### Aim of the task
Set down exactly the entries below, beginning at their first line and ending at the line with "(schur_prod S X)".

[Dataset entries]
● ● ● ● ●

lemma op_norm_schur_prod_le:
  fixes S X :: "'a::{euclidean_space,real_normed_field}^'n^'m"
  assumes S: "\<And>i j. S $ i $ j = of_real (\<Sum>k\<in>K. x i k * y j k)"
    and x: "\<And>i. (\<Sum>k\<in>K. (x i k)\<^sup>2) \<le> a\<^sup>2" and y: "\<And>j. (\<Sum>k\<in>K. (y j k)\<^sup>2) \<le> b\<^sup>2"
    and "0 \<le> a" "0 \<le> b"
  shows "op_norm (schur_prod S X) \<le> a * b * op_norm X"
proof (rule op_norm_le)
  show "0 \<le> a * b * op_norm X"
    using assms(4,5) op_norm_nonneg[of X] by simp
  fix z
  define w where "w = schur_prod S X *v z"
  define u where "u k = (\<chi> j. y j k *\<^sub>R z $ j)" for k
  define v where "v k = (\<chi> i. x i k *\<^sub>R w $ i)" for k
  have "(norm w)\<^sup>2 = (\<Sum>i\<in>UNIV. w $ i \<bullet> w $ i)"
    by (simp add: power2_norm_eq_inner inner_vec_def)
  also have "\<dots> = (\<Sum>i\<in>UNIV. \<Sum>k\<in>K. (x i k *\<^sub>R w $ i) \<bullet> (X *v u k) $ i)"
    unfolding u_def by (subst (2) w_def, subst schur_prod_mult_vec_factor[OF S]) (simp add: inner_sum_right)
  also have "\<dots> = (\<Sum>k\<in>K. v k \<bullet> (X *v u k))"
    by (subst sum.swap) (simp add: inner_vec_def v_def)
  also have "\<dots> \<le> (\<Sum>k\<in>K. norm (v k) * (op_norm X * norm (u k)))"
    by (intro sum_mono order_trans[OF norm_cauchy_schwarz] mult_left_mono norm_mult_vec_le_op_norm norm_ge_zero)
  also have "\<dots> = op_norm X * (\<Sum>k\<in>K. \<bar>norm (v k)\<bar> * \<bar>norm (u k)\<bar>)"
    by (simp add: sum_distrib_left algebra_simps)
  also have "\<dots> \<le> op_norm X * (L2_set (\<lambda>k. norm (v k)) K * L2_set (\<lambda>k. norm (u k)) K)"
    by (intro mult_left_mono L2_set_mult_ineq op_norm_nonneg)
  also have "\<dots> \<le> op_norm X * ((a * norm w) * (b * norm z))"
    unfolding u_def v_def
    by (intro mult_left_mono mult_mono L2_set_norm_rescaled_le x y L2_set_nonneg op_norm_nonneg assms(4,5))
      (simp_all add: assms(4))
  finally have "norm w * norm w \<le> norm w * (a * b * op_norm X * norm z)"
    by (simp add: power2_eq_square algebra_simps)
  moreover have "0 \<le> a * b * op_norm X * norm z"
    using assms(4,5) op_norm_nonneg[of X] by simp
  ultimately show "norm w \<le> a * b * op_norm X * norm z"
    by (cases "norm w = 0") simp_all
qed
(* Let $n$ be a positive odd integer. Then, modulo $(1-aq^n)(a-q^n)$, $$ \sum_{k=0}^{n-1}\frac{(aq;q^2)_k\,(q/a;q^2)_k}{(q^2;q^2)_k^2}\, x^k \equiv \sum_{k=0}^{(n-1)/2}{(n-1)/2\brack k}_{q^2}^2 q^{k^2-nk} (-x)^k\, (x;q^2)_{(n-1)/2-k}. $$
   Context: $a,q,x$ are indeterminates. The $q$-shifted factorial is $(y;q)_0=1$ and $(y;q)_m=(1-y)(1-yq)\cdots(1-yq^{m-1})$ for $m\geqslant1$. The $q$-binomial coefficient is ${N\brack k}_q=\frac{(q;q)_N}{(q;q)_k(q;q)_{N-k}}$ for $0\leqslant k\leqslant N$ and $0$ otherwise; ${N\brack k}_{q^2}$ is this with $q$ replaced by $q^2$. For rational functions $A,B$ and a polynomial $P$, $A\equiv B\pmod P$ means $A-B=P\cdot C/D$ for polynomials $C,D$ with $D$ coprime to $P$. *)

theory Defs
  imports "HOL-Computational_Algebra.Polynomial" "HOL-Computational_Algebra.Fraction_Field"
begin

text \<open>Polynomials in the three indeterminates a, q, x over the rationals are modelled as
  nested univariate polynomials: the ring rat poly poly poly, where the innermost variable
  is a, the middle one is q and the outermost one is x.\<close>

type_synonym mpoly3 = "rat poly poly poly"
type_synonym rfun3 = "mpoly3 fract"

definition var_a :: mpoly3 where "var_a = [:[:[:0, 1:]:]:]"
definition var_q :: mpoly3 where "var_q = [:[:0, 1:]:]"
definition var_x :: mpoly3 where "var_x = [:0, 1:]"

definition emb :: "mpoly3 \<Rightarrow> rfun3" where "emb p = Fract p 1"

definition A :: rfun3 where "A = emb var_a"
definition Q :: rfun3 where "Q = emb var_q"
definition X :: rfun3 where "X = emb var_x"

definition qpoch :: "'a::comm_ring_1 \<Rightarrow> 'a \<Rightarrow> nat \<Rightarrow> 'a" where
  "qpoch y q m = (\<Prod>i<m. 1 - y * q ^ i)"

definition qbinom :: "'a::field \<Rightarrow> nat \<Rightarrow> nat \<Rightarrow> 'a" where
  "qbinom q N k = (if k \<le> N then qpoch q q N / (qpoch q q k * qpoch q q (N - k)) else 0)"

definition rcong :: "rfun3 \<Rightarrow> rfun3 \<Rightarrow> mpoly3 \<Rightarrow> bool" where
  "rcong F G P \<longleftrightarrow> (\<exists>C D. coprime D P \<and> F - G = emb P * emb C / emb D)"

end

theory Submission
  imports Defs "HOL-Computational_Algebra.Polynomial_Factorial" "HOL-Computational_Algebra.Field_as_Ring"
begin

● ● ● ● ●

### Final answer
lemma op_norm_schur_prod_le:
  fixes S X :: "'a::{euclidean_space,real_normed_field}^'n^'m"
  assumes S: "\<And>i j. S $ i $ j = of_real (\<Sum>k\<in>K. x i k * y j k)"
    and x: "\<And>i. (\<Sum>k\<in>K. (x i k)\<^sup>2) \<le> a\<^sup>2" and y: "\<And>j. (\<Sum>k\<in>K. (y j k)\<^sup>2) \<le> b\<^sup>2"
    and "0 \<le> a" "0 \<le> b"
  shows "op_norm (schur_prod S X) \<le> a * b * op_norm X"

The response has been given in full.